Sincerely, Tim DeBey USGS Reactor Supervisor I declare under penalty of perjury that the foregoing is true and correct.

Executed on 11/17/2015 Copy to:

Vito Nuccio, Reactor Administrator, MS 911 USGS Reactor Operations Committee

Response to RAI dated September 21, 2015 concerning a license amendment to the USGS R-113 research reactor license (TAO No. ME9424)

Request:

2. Your response to RAI No. 2, by letter dated August 28, 2015, provided a proposed TS definition of License Area: Rooms 149-152, 154, 157, 158, B10, Bl0B, B11 of Building 15, and Room 2 of Building 10. NUREG-1537, Part 1, Section 9.5, "Possession and Use of Byproduct, Source, and Special Nuclear Material," provides guidance that licensees should "clearly state the materials and areas of the facility requested to be authorized by the reactor license. The reactor license and technical specifications also will include regulatory conditions that apply to the management of such materials." Provide a justification for the proposed TS definition that you provided in your response to RAI No. 2, a markup of the proposed change in the current USGS TSs, and copy of the proposed TS, or justify why this information is not needed.

Response: The markup of the proposed change to current USGS TS, and copy of the proposed TS, was absent from the initial RAI response, so that is provided in this response.

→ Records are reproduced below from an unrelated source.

(* Let $k \geq 3$, let $F$ be a $k$-edge graph with $\gamma(F)=1$, and let $G$ be a connected graph with exactly $2k+3$ edges that contains two vertex-disjoint copies $F_1$ and $F_2$ of $F$. Then either $\iota(G,F) = 1$ or $G$ is a $(2k+3,F)$-special graph.
   Context: All graphs are finite and simple. For $D \subseteq V(G)$, $N_G[D]$ is the closed neighbourhood of $D$. A set $D \subseteq V(G)$ is an $F$-isolating set of $G$ if $G - N_G[D]$ contains no subgraph isomorphic to $F$; $\iota(G,F)$ is the minimum size of such a set. $\gamma(F)=1$ means $F$ has a vertex adjacent to all other vertices of $F$. ($m,F$)-special graphs: let $F$ be a connected $k$-edge graph. Write $m+1 = q(k+2)+r$ with integers $q \ge 0$, $0 \le r \le k+1$. If $q = 0$, an $(m,F)$-special graph is any connected $m$-edge graph. If $q \geq 1$, take distinct vertices $v_1,\dots,v_q$, copies $F_1,\dots,F_q$ of $F$ such that $V(F_1),\dots,V(F_q),\{v_1,\dots,v_q\}$ are pairwise disjoint, vertices $w_i \in V(F_i)$, and let $G_i$ be the graph with vertex set $\{v_i\}\cup V(F_i)$ and edge set $E(F_i)\cup\{v_iw_i\}$. Let $T$ be a tree with vertex set $\{v_1,\dots,v_q\}$ and $T'$ a connected $r$-edge graph with $V(T') \cap \bigcup_i V(G_i) = \{v_q\}$. The graph with vertex set $V(T')\cup\bigcup_i V(G_i)$ and edge set $E(T)\cup E(T')\cup \bigcup_i E(G_i)$ is an $(m,F)$-special graph. (For $m = 2k+3$ one has $q=2$, $r=0$: such a graph is two disjoint copies of $F$, each joined by one edge to one of two adjacent new vertices $v_1,v_2$.) *)

theory Defs
  imports Main
begin

definition sgraph :: "'a set \<Rightarrow> 'a set set \<Rightarrow> bool" where
  "sgraph V E \<longleftrightarrow> finite V \<and> (\<forall>e\<in>E. \<exists>u v. u \<noteq> v \<and> e = {u, v} \<and> u \<in> V \<and> v \<in> V)"

definition adj_rel :: "'a set set \<Rightarrow> ('a \<times> 'a) set" where
  "adj_rel E = {(u, v). {u, v} \<in> E}"

definition connected_graph :: "'a set \<Rightarrow> 'a set set \<Rightarrow> bool" where
  "connected_graph V E \<longleftrightarrow> sgraph V E \<and> V \<noteq> {} \<and>
     (\<forall>u\<in>V. \<forall>v\<in>V. (u, v) \<in> (adj_rel E)\<^sup>*)"

definition tree_graph :: "'a set \<Rightarrow> 'a set set \<Rightarrow> bool" where
  "tree_graph V E \<longleftrightarrow> connected_graph V E \<and> card E + 1 = card V"

definition embeds :: "('b \<Rightarrow> 'a) \<Rightarrow> 'b set \<Rightarrow> 'b set set \<Rightarrow> 'a set \<Rightarrow> 'a set set \<Rightarrow> bool" where
  "embeds f VF EF V E \<longleftrightarrow> inj_on f VF \<and> f ` VF \<subseteq> V \<and> (\<forall>e\<in>EF. f ` e \<in> E)"

definition has_copy :: "'b set \<Rightarrow> 'b set set \<Rightarrow> 'a set \<Rightarrow> 'a set set \<Rightarrow> bool" where
  "has_copy VF EF V E \<longleftrightarrow> (\<exists>f. embeds f VF EF V E)"

definition closed_nbhd :: "'a set \<Rightarrow> 'a set set \<Rightarrow> 'a set \<Rightarrow> 'a set" where
  "closed_nbhd V E D = D \<union> {v \<in> V. \<exists>u\<in>D. {u, v} \<in> E}"

definition isolating :: "'a set \<Rightarrow> 'a set set \<Rightarrow> 'b set \<Rightarrow> 'b set set \<Rightarrow> 'a set \<Rightarrow> bool" where
  "isolating V E VF EF D \<longleftrightarrow> D \<subseteq> V \<and>
     (let W = V - closed_nbhd V E D in \<not> has_copy VF EF W {e \<in> E. e \<subseteq> W})"

definition iota :: "'a set \<Rightarrow> 'a set set \<Rightarrow> 'b set \<Rightarrow> 'b set set \<Rightarrow> nat" where
  "iota V E VF EF = (LEAST n. \<exists>D. isolating V E VF EF D \<and> card D = n)"

definition gamma_one :: "'b set \<Rightarrow> 'b set set \<Rightarrow> bool" where
  "gamma_one VF EF \<longleftrightarrow> (\<exists>c\<in>VF. \<forall>u\<in>VF. u \<noteq> c \<longrightarrow> {c, u} \<in> EF)"

definition iso_copy :: "'b set \<Rightarrow> 'b set set \<Rightarrow> 'a set \<Rightarrow> 'a set set \<Rightarrow> bool" where
  "iso_copy VF EF VC EC \<longleftrightarrow> (\<exists>g. bij_betw g VF VC \<and> EC = (\<lambda>e. g ` e) ` EF)"

text \<open>Being special is invariant
  under isomorphism, so we express that G itself is of the constructed form, with all
  vertices of the construction taken from the vertex type of G.\<close>

definition special :: "nat \<Rightarrow> 'b set \<Rightarrow> 'b set set \<Rightarrow> 'a set \<Rightarrow> 'a set set \<Rightarrow> bool" where
  "special m VF EF V E \<longleftrightarrow>
    (let k = card EF; q = (m + 1) div (k + 2); r = (m + 1) mod (k + 2) in
     (q = 0 \<and> connected_graph V E \<and> card E = m) \<or>
     (q \<ge> 1 \<and>
      (\<exists>(v :: nat \<Rightarrow> 'a) (FV :: nat \<Rightarrow> 'a set) (FE :: nat \<Rightarrow> 'a set set) (w :: nat \<Rightarrow> 'a)
          (ET :: 'a set set) (VT' :: 'a set) (ET' :: 'a set set).
         inj_on v {1..q} \<and>
         (\<forall>i\<in>{1..q}. iso_copy VF EF (FV i) (FE i)) \<and>
         (\<forall>i\<in>{1..q}. \<forall>j\<in>{1..q}. i \<noteq> j \<longrightarrow> FV i \<inter> FV j = {}) \<and>
         (\<forall>i\<in>{1..q}. FV i \<inter> v ` {1..q} = {}) \<and>
         (\<forall>i\<in>{1..q}. w i \<in> FV i) \<and>
         tree_graph (v ` {1..q}) ET \<and>
         connected_graph VT' ET' \<and> card ET' = r \<and>
         VT' \<inter> (\<Union>i\<in>{1..q}. insert (v i) (FV i)) = {v q} \<and>
         V = VT' \<union> (\<Union>i\<in>{1..q}. insert (v i) (FV i)) \<and>
         E = ET \<union> ET' \<union> (\<Union>i\<in>{1..q}. insert {v i, w i} (FE i)))))"

end

theory Submission
  imports Defs
begin

(* If no single vertex isolates F, then for every vertex x some copy of F avoids N[x].
   Suppose first that all edges leaving some copy Z of F end in one vertex v. A copy avoiding
   N[v] is disjoint from Z, connectivity gives a path of length three from v into it, and these
   2k + 3 edges are all of G, so G is special. Otherwise at least two edges leave every copy.
   Take a copy and a second one avoiding the closed neighbourhood of its centre; they are
   disjoint, so exactly three further edges remain, at least two of them meeting each copy.
   Since a copy is a star with chords, it cannot spread over two parts joined only by a
   matching except through one spoke at its centre. Choosing x on the three extra edges and
   counting the edges of G - N[x] available to a copy of F then refutes every configuration
   or exhibits a copy with a single exit vertex. *)

lemma rtrancl_adj_rel_leaves_set:
  assumes "(u, y) \<in> (adj_rel E)\<^sup>*" "u \<in> S" "y \<notin> S"
  shows "\<exists>e\<in>E. e \<inter> S \<noteq> {} \<and> e - S \<noteq> {}"
  using assms
proof (induction rule: rtrancl_induct)
  case (step y z)
  show ?case
  proof (cases "y \<in> S")
    case True
    from step(2) have "{y, z} \<in> E" by (simp add: adj_rel_def)
    with True step(5) show ?thesis by (intro bexI[of _ "{y,z}"]) auto
  next
    case False
    with step show ?thesis by blast
  qed
qed simp

lemma connected_graph_edge: "a \<noteq> b \<Longrightarrow> connected_graph {a,b} {{a,b}}"
  by (auto simp: connected_graph_def sgraph_def adj_rel_def insert_commute)

lemma connected_graph_singleton: "connected_graph {a} {}"
  unfolding connected_graph_def sgraph_def by auto

lemma card_le_card_Un: "S \<subseteq> A \<union> B \<Longrightarrow> finite A \<Longrightarrow> finite B \<Longrightarrow> card S \<le> card A + card B"
  by (meson card_Un_le card_mono finite_UnI le_trans)

lemma card_le_1_if_subset_singleton: "A \<subseteq> {a} \<Longrightarrow> card A \<le> 1"
  using card_mono[of "{a}" A] by simp

lemma large_subset_of_three:
  assumes "card Y = 3" "R \<subseteq> Y" "2 \<le> card R"
  shows "R = Y \<or> (\<exists>f\<in>Y. R = Y - {f})"
proof (cases "R = Y")
  case False
  then obtain f where f: "f \<in> Y" "f \<notin> R" using assms(2) by blast
  have fin: "finite Y" using assms(1) by (simp add: card_ge_0_finite)
  have "R \<subseteq> Y - {f}" using assms(2) f by blast
  moreover have "card (Y - {f}) = 2" using f fin assms(1) by simp
  ultimately have "R = Y - {f}" using card_seteq[of "Y - {f}" R] fin assms(3) by simp
  then show ?thesis using f by blast
qed simp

The proposed TS change is the reformatting of page 2 and the addition of Item 7a to the Specifications, as follows:

7a. Licensed Area The licensed area shall be the following areas on the Denver Federal Center:

Building 15, rooms 149 through 152 and room 154 Building 15, rooms 157 and 158 Building 15, rooms BI0, BlOB, and BIl Building 10, room 2

2/06 APPENDIX A TECHNICAL SPECIFICATIONS FOR THE U.S. GEOLOGICAL SURVEY TRIGA REACTOR DOCKET NO. 50-274 The dimensions, measurements, and other numerical values given in these specifications may differ from measured values owing to normal construction and manufacturing tolerances, or normal accuracy of instrumentation.

A. Definitions

1. Shutdown The reactor, with fixed experiments in place, shall be considered to be shutdown (not in operation) whenever all of the following conditions have been met: a) the console key switch is in the "off" position and the key is removed from the console and under the control of a licensed operator (or stored in a locked storage area);

b) sufficient control rods are inserted so as to assure the reactor is subcritical by a margin greater than 0.7% delta k/k cold, without xenon; c) no work is in progress involving fuel handling or refueling operations or maintenance of the control mechanisms.

2. Steady State Mode (SS)

Steady state mode shall mean operation of the reactor at power levels not to exceed 1 megawatt utilizing the scrams in Table I and the interlocks in Table II.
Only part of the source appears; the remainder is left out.